● Exercise brief
Below are records; reproduce exactly the lines from the first through the one containing "orth_proj N x".

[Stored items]

lemma cascade_lyapunov:
  fixes M Mz G' K :: "real^'n \<Rightarrow> real^'n"
  assumes X: "subspace X" and N: "subspace N" and NX: "N \<subseteq> X"
    and linG': "linear G'" and G'N: "\<And>y. G' y \<in> N" and linK: "linear K"
    and lyapN: "quadratic_lyapunov N Mz (\<mu> + 1) B' \<alpha>'"
  defines "R \<equiv> orth_compl_in X N"
  defines "z \<equiv> \<lambda>x. orth_proj N x + G' (orth_proj R x)"
  assumes R_dyn: "\<And>x. x \<in> X \<Longrightarrow> orth_proj R (M x) = K (z x) - (\<mu> + 1) *\<^sub>R orth_proj R x"
    and z_dyn: "\<And>x. x \<in> X \<Longrightarrow> z (M x) = Mz (z x)"
  obtains B \<alpha> where "quadratic_lyapunov X M \<mu> B \<alpha>"
proof -
  let ?PN = "orth_proj N" and ?PR = "orth_proj R"
  have R: "subspace R" unfolding R_def using X by (rule subspace_orth_compl_in)
  have linPN: "linear ?PN" and linPR: "linear ?PR" using N R by (auto intro: linear_orth_proj)
  have linz: "linear z" unfolding z_def using linPN linPR linG'
    by (intro linearI) (simp_all add: linear_add linear_scale scaleR_add_right)
  have zN: "z x \<in> N" for x unfolding z_def using N orth_proj_in G'N subspace_add by blast
  have split: "?PR x + ?PN x = x" if "x \<in> X" for x
    unfolding R_def using X N NX that by (rule orth_proj_orth_compl_in_add)
  have bilB': "bilinear B'" and symB': "\<And>x y. B' x y = B' y x" and \<alpha>': "\<alpha>' > 0"
    and B'_ge: "\<And>w. w \<in> N \<Longrightarrow> \<alpha>' * (norm w)\<^sup>2 \<le> B' w w"
    and B'_dec: "\<And>w. w \<in> N \<Longrightarrow> B' w (Mz w) \<le> - (\<mu> + 1) * B' w w"
    using lyapN unfolding quadratic_lyapunov_def by auto
  have B'_nonneg: "0 \<le> B' (z x) (z x)" for x
    using B'_ge[OF zN] \<alpha>' by (meson order_trans mult_nonneg_nonneg less_imp_le zero_le_power2)
  obtain g where g: "g > 0" "\<And>y. norm (G' y) \<le> g * norm y" using linear_bounded_pos[OF linG'] by blast
  obtain c where c: "c > 0" "\<And>y. norm (K y) \<le> c * norm y" using linear_bounded_pos[OF linK] by blast
  define \<rho> where "\<rho> = c\<^sup>2 / (2 * \<alpha>') + 1"
  have \<rho>: "\<rho> > 0" "c\<^sup>2 / (2 * \<alpha>') \<le> \<rho>" unfolding \<rho>_def using \<alpha>' by (auto intro: add_nonneg_pos)
  define B where "B x y = \<rho> * B' (z x) (z y) + ?PR x \<bullet> ?PR y" for x y
  define \<alpha> where "\<alpha> = min 1 (\<rho> * \<alpha>') / (2 * (1 + g)\<^sup>2)"
  have \<alpha>: "\<alpha> > 0" unfolding \<alpha>_def using \<rho> \<alpha>' g by auto
  have Bxx: "B x x = \<rho> * B' (z x) (z x) + (norm (?PR x))\<^sup>2" for x
    unfolding B_def by (simp add: power2_norm_eq_inner)
  have "quadratic_lyapunov X M \<mu> B \<alpha>"
    unfolding quadratic_lyapunov_def
  proof (intro conjI ballI allI)
    show "bilinear B" unfolding B_def[abs_def] using bilB' linz linPR by (rule bilinear_pullback_plus_inner)
    show "B x y = B y x" for x y unfolding B_def using symB' by (simp add: inner_commute)
    show "\<alpha> > 0" by (rule \<alpha>)
  next
    fix x assume x: "x \<in> X"
    define a where "a = ?PR x"
    have "norm (?PN x) \<le> norm (z x) + g * norm a"
      using norm_triangle_ineq4[of "z x" "G' a"] g(2)[of a] by (simp add: z_def a_def)
    moreover have "0 \<le> g * norm (z x)" using g(1) by simp
    ultimately have "norm x \<le> (1 + g) * (norm a + norm (z x))"
      using norm_triangle_ineq[of a "?PN x"] split[OF x] unfolding a_def
      by (simp add: algebra_simps)
    then have "(norm x)\<^sup>2 \<le> ((1 + g) * (norm a + norm (z x)))\<^sup>2"
      by (simp add: power_mono)
    also have "\<dots> = (1 + g)\<^sup>2 * (norm a + norm (z x))\<^sup>2" by (simp add: power_mult_distrib)
    also have "\<dots> \<le> (1 + g)\<^sup>2 * (2 * ((norm a)\<^sup>2 + (norm (z x))\<^sup>2))"
      using sum_squares_bound[of "norm a" "norm (z x)"] by (intro mult_left_mono) (simp add: power2_sum, simp)
    finally have nx: "(norm x)\<^sup>2 \<le> (1 + g)\<^sup>2 * (2 * ((norm a)\<^sup>2 + (norm (z x))\<^sup>2))" .
    have "min 1 (\<rho> * \<alpha>') * (norm (z x))\<^sup>2 \<le> \<rho> * \<alpha>' * (norm (z x))\<^sup>2"
      by (intro mult_right_mono) auto
    also have "\<dots> \<le> \<rho> * B' (z x) (z x)"
      using B'_ge[OF zN, of x] \<rho>(1) by (simp add: mult.assoc)
    finally have "min 1 (\<rho> * \<alpha>') * (norm (z x))\<^sup>2 \<le> \<rho> * B' (z x) (z x)" .
    moreover have "min 1 (\<rho> * \<alpha>') * (norm a)\<^sup>2 \<le> (norm a)\<^sup>2"
      using mult_right_mono[of "min 1 (\<rho> * \<alpha>')" 1 "(norm a)\<^sup>2"] by simp
    ultimately have "min 1 (\<rho> * \<alpha>') * ((norm a)\<^sup>2 + (norm (z x))\<^sup>2) \<le> B x x"
      unfolding Bxx a_def by (simp add: algebra_simps)
    moreover have "\<alpha> * (norm x)\<^sup>2 \<le> \<alpha> * ((1 + g)\<^sup>2 * (2 * ((norm a)\<^sup>2 + (norm (z x))\<^sup>2)))"
      using nx \<alpha> by (intro mult_left_mono) auto
    moreover have "\<alpha> * ((1 + g)\<^sup>2 * (2 * ((norm a)\<^sup>2 + (norm (z x))\<^sup>2)))
        = min 1 (\<rho> * \<alpha>') * ((norm a)\<^sup>2 + (norm (z x))\<^sup>2)"
      unfolding \<alpha>_def using g(1) by (simp add: field_simps)
    ultimately show "\<alpha> * (norm x)\<^sup>2 \<le> B x x" by linarith
  next
    fix x assume x: "x \<in> X"
    define a where "a = ?PR x"
    define w where "w = z x"
    have "a \<bullet> K w \<le> norm a * (c * norm w)"
      using Cauchy_Schwarz_ineq2[of a "K w"] c(2)[of w]
      by (meson abs_le_D1 mult_left_mono norm_ge_zero order_trans)
    also have "\<dots> \<le> (norm a)\<^sup>2 / 2 + (c * norm w)\<^sup>2 / 2"
      using mult_le_weighted_squares[of 1 "norm a" "c * norm w"] by simp
    also have "(c * norm w)\<^sup>2 / 2 = c\<^sup>2 / (2 * \<alpha>') * (\<alpha>' * (norm w)\<^sup>2)"
      using \<alpha>' by (simp add: power_mult_distrib field_simps)
    also have "\<dots> \<le> c\<^sup>2 / (2 * \<alpha>') * B' w w"
      using B'_ge[OF zN, of x] \<alpha>' unfolding w_def by (intro mult_left_mono) auto
    also have "\<dots> \<le> \<rho> * B' w w" using \<rho>(2) B'_nonneg[of x] unfolding w_def by (rule mult_right_mono)
    finally have cross: "a \<bullet> K w \<le> (norm a)\<^sup>2 / 2 + \<rho> * B' w w" by simp
    have "B x (M x) = \<rho> * B' w (Mz w) + a \<bullet> K w - (\<mu> + 1) * (norm a)\<^sup>2"
      unfolding B_def R_dyn[OF x] z_dyn[OF x] a_def w_def
      by (simp add: inner_diff_right power2_norm_eq_inner)
    also have "\<dots> \<le> \<rho> * (- (\<mu> + 1) * B' w w) + ((norm a)\<^sup>2 / 2 + \<rho> * B' w w) - (\<mu> + 1) * (norm a)\<^sup>2"
      using mult_left_mono[OF B'_dec[OF zN, of x], of \<rho>] \<rho>(1) cross unfolding w_def by linarith
    also have "\<dots> = - \<mu> * B x x - (norm a)\<^sup>2 / 2"
      unfolding Bxx a_def w_def by (simp add: algebra_simps)
    finally show "B x (M x) \<le> - \<mu> * B x x" using zero_le_power2[of "norm a"] by linarith
  qed
  then show ?thesis by (rule that)
qed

● Output below
lemma cascade_lyapunov:
  fixes M Mz G' K :: "real^'n \<Rightarrow> real^'n"
  assumes X: "subspace X" and N: "subspace N" and NX: "N \<subseteq> X"
    and linG': "linear G'" and G'N: "\<And>y. G' y \<in> N" and linK: "linear K"
    and lyapN: "quadratic_lyapunov N Mz (\<mu> + 1) B' \<alpha>'"
  defines "R \<equiv> orth_compl_in X N"
  defines "z \<equiv> \<lambda>x. orth_proj N x + G' (orth_proj R x)"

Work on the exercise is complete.